Part 1 - Data Linkage (12 marks)

Abt and Buy both have product databases. In order to perform joint market research they

need to link the same products in their databases. Therefore the research team has manually

linked a subset of the data in order to build a linkage algorithm to automate the remaining

items to be linked. This manually linked data is what you will base your work on in this

assignment. However the real dataset is unknown to you, as it would be reality and this

unknown data is what you will be assessed on.

Na¨?ve data linkage without blocking (4 marks)

For this part, data linkage without blocking is performed on two smaller data sets:

abt small.csv and buy small.csv.

Task - 1A: Using abt small.csv and buy small.csv, implement the linkage between the

two data sets.

Your code for this question is to be contained in a single Python file called task1a.py and

produce a single csv file task1a.csv containing the following two column headings:

idAbt,idBuy

Each row in the datafile must contain a pair of matched products. For example, if your

algorithm only matched product 10102 from the Abt dataset with product

203897877 from the Buy dataset your output task1a.csv would be as follows:

idAbt, idBuy

10102,203897877

The performance is evaluated in terms of recall and precision and the marks in this section

will be awarded based on the two measures of your algorithm.

recall = tp/(tp + fn)

precision = tp/(tp + f p)

where tp (true-positive) is the number of true positive pairs, f p the number of false positive

pairs, tn the number of true negatives, and fn the number of false negative pairs.

Note: The python package textdistance implements many similarity functions for strings

(https://pypi.org/project/textdistance/). You can use this package for the similarity

calculations for strings.
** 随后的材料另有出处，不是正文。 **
(* Let $\hat G$ be a $C_2$-graded finite group acting on $\mathbb C[[u,v]]$ by degree-preserving generalized algebra automorphisms preserving $uv$. The matrix factorization $\{u,v\}\in\mathrm{MF}(\mathbb C[[u,v]],uv)$ admits a Real $G$-equivariant structure (i.e. can be lifted to an object of $\mathrm{MF}_{\hat G}(\mathbb C[[u,v]],uv)$) if and only if there exists $\chi\in Z^1(\hat G;\mathbb C^\times_\pi)$ with $\sigma(u)=\chi(\sigma)u$ and $\sigma(v)=\chi(\sigma)^{-1}v$ for all $\sigma\in\hat G$. In that case the set of dg isomorphism classes of Real $G$-equivariant structures on $\{u,v\}$ is in bijection with $H^1(\hat G;\mathbb C[[u,v]]^\times_\pi)$.
   Context: $C_2=\{\pm1\}$; $\pi:\hat G\to C_2$, $G=\ker\pi$. $\mathbb C^\times_\pi$ is $\mathbb C^\times$ with $\hat G$ acting through $\pi$ by complex conjugation; $\mathbb C[[u,v]]^\times_\pi$ is the group of units with $\hat G$ acting through its given action on $\mathbb C[[u,v]]$; $Z^1$, $H^1$ are (normalized) group cocycles and cohomology. A generalized algebra automorphism is a ring automorphism which is $\mathbb C$-linear or $\mathbb C$-antilinear; $\sigma\in\hat G$ is linear iff $\pi(\sigma)=1$. $\mathrm{MF}(S,w)$: objects $(M,d_M)$, $M$ finite rank free $\mathbb Z/2$-graded $S$-module, $d_M$ odd with $d_M^2=w\,\mathrm{id}$; Hom complexes $\mathrm{Hom}_S(M,N)$ with $D(f)=d_Nf-(-1)^{|f|}fd_M$. $\{u,v\}$ is $S\oplus S$ with $d^0=u:M_0\to M_1$, $d^1=v:M_1\to M_0$. $M^\sigma$ is $M$ with $r\cdot m=\sigma^{-1}(r)m$. The functors $\rho(\sigma)(M,d_M)=(M^\sigma,d_M^\sigma)$ with identity coherence maps give a Real 2-representation of $G$; a Real $G$-equivariant structure on $M$ is a family of closed degree-0 isomorphisms $u_\sigma:M\to M^\sigma$ with $u_{\sigma_2\sigma_1}=(u_{\sigma_1})^{\sigma_2}\circ u_{\sigma_2}$; $\mathrm{MF}_{\hat G}$ is the category of such pairs with morphisms $f$ satisfying $u'_\sigma f=f^\sigma u_\sigma$. *)

theory Defs
  imports "HOL-Algebra.Group" "HOL-Computational_Algebra.Formal_Power_Series"
begin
You may also choose to implement your own similarity functions.

2

Blocking for efficient data linkage (4 marks)

Blocking is a method to reduce the computational cost for record linkage.

Task - 1B: Implement a blocking method for the linkage of the abt.csv and buy.csv data

sets.

Your code is be contained in a single Python file called task1b.py and must produce two

csv files abt blocks.csv and buy blocks.csv, each containing the following two column

headings:

block_key, product_id

The product id field corresponds to the idAbt and idBuy of the abt.csv and buy.csv files

respectively. Each row in the output files matches a product to a block. For example, if your

algorithm placed product 10102 from the Abt dataset in blocks with block keys x & y, your

abt blocks.csv would be as follows:

block_key, product_id

x,10102

y,10102

A block is uniquely identified by the block key. The same block key in the two block-files

(abt blocks.csv and buy blocks.csv) indicates that the corresponding products co-occur

in the same block.

For example, if your algorithm placed the Abt product 10102 in block x and placed Buy

product 203897877 in block x, your abt blocks.csv and buy blocks.csv would be as follows

respectively:

abt_blocks.csv:

block_key, product_id

x,10102

buy_blocks.csv:

block_key, product_id

x,203897877

The two products co-occur in the same block x.

To measure the quality of blocking, we assume that when comparing a pair of records, the

pair are always 100% similar and are a match. A pair of records are categorised as follows:

? a record-pair is a true positive if the pair are found in the ground truth set and also the

pair co-occur in the same block.

? a record-pair is a false positive if the pair co-occur in some block but are not found in

the ground truth set.

? a record-pair is a false negative if the pair do not co-occur in any block but are found

in the ground truth set

3

? a record-pair is a true negative if the pair do not co-occur in any block and are also not

found in the ground truth set.

Then, the quality of blocking can be evaluated using the following two measures:

P C (pair completeness) = tp/(tp + fn)

RR (reduction ratio) = 1 ? (tp + fp)/n

where n is the total number of all possible record pairs from the two data sets

(n = f p + fn + tp + tn).

The marks in this section will be awarded based on the pair completeness and reduction ratio

of your blocking algorithm.

Note: The time taken to produce your blocking implementation must be linear in the number

of items in the dataset. This means that you cannot, for example, compare each product to

every other product in the dataset in order to allocate it to a block. Implementations that

do so will be severely penalised.

Report on the Data Linkage project(4 marks)

Task - 1C Write a one-page report describing your algorithms and implementations of tasks

1a and 1b. You should discuss:

? How your product comparison works, including your choice of similarity functions and

final scoring function and threshold.

? An evaluation of the overall performance of your product comparison and what opportunities

exist to improve it.

? How your blocking implementation works.

? An evaluation of the overall performance of your blocking method, how the method

relates to the performance measures and what opportunities exist to improve it.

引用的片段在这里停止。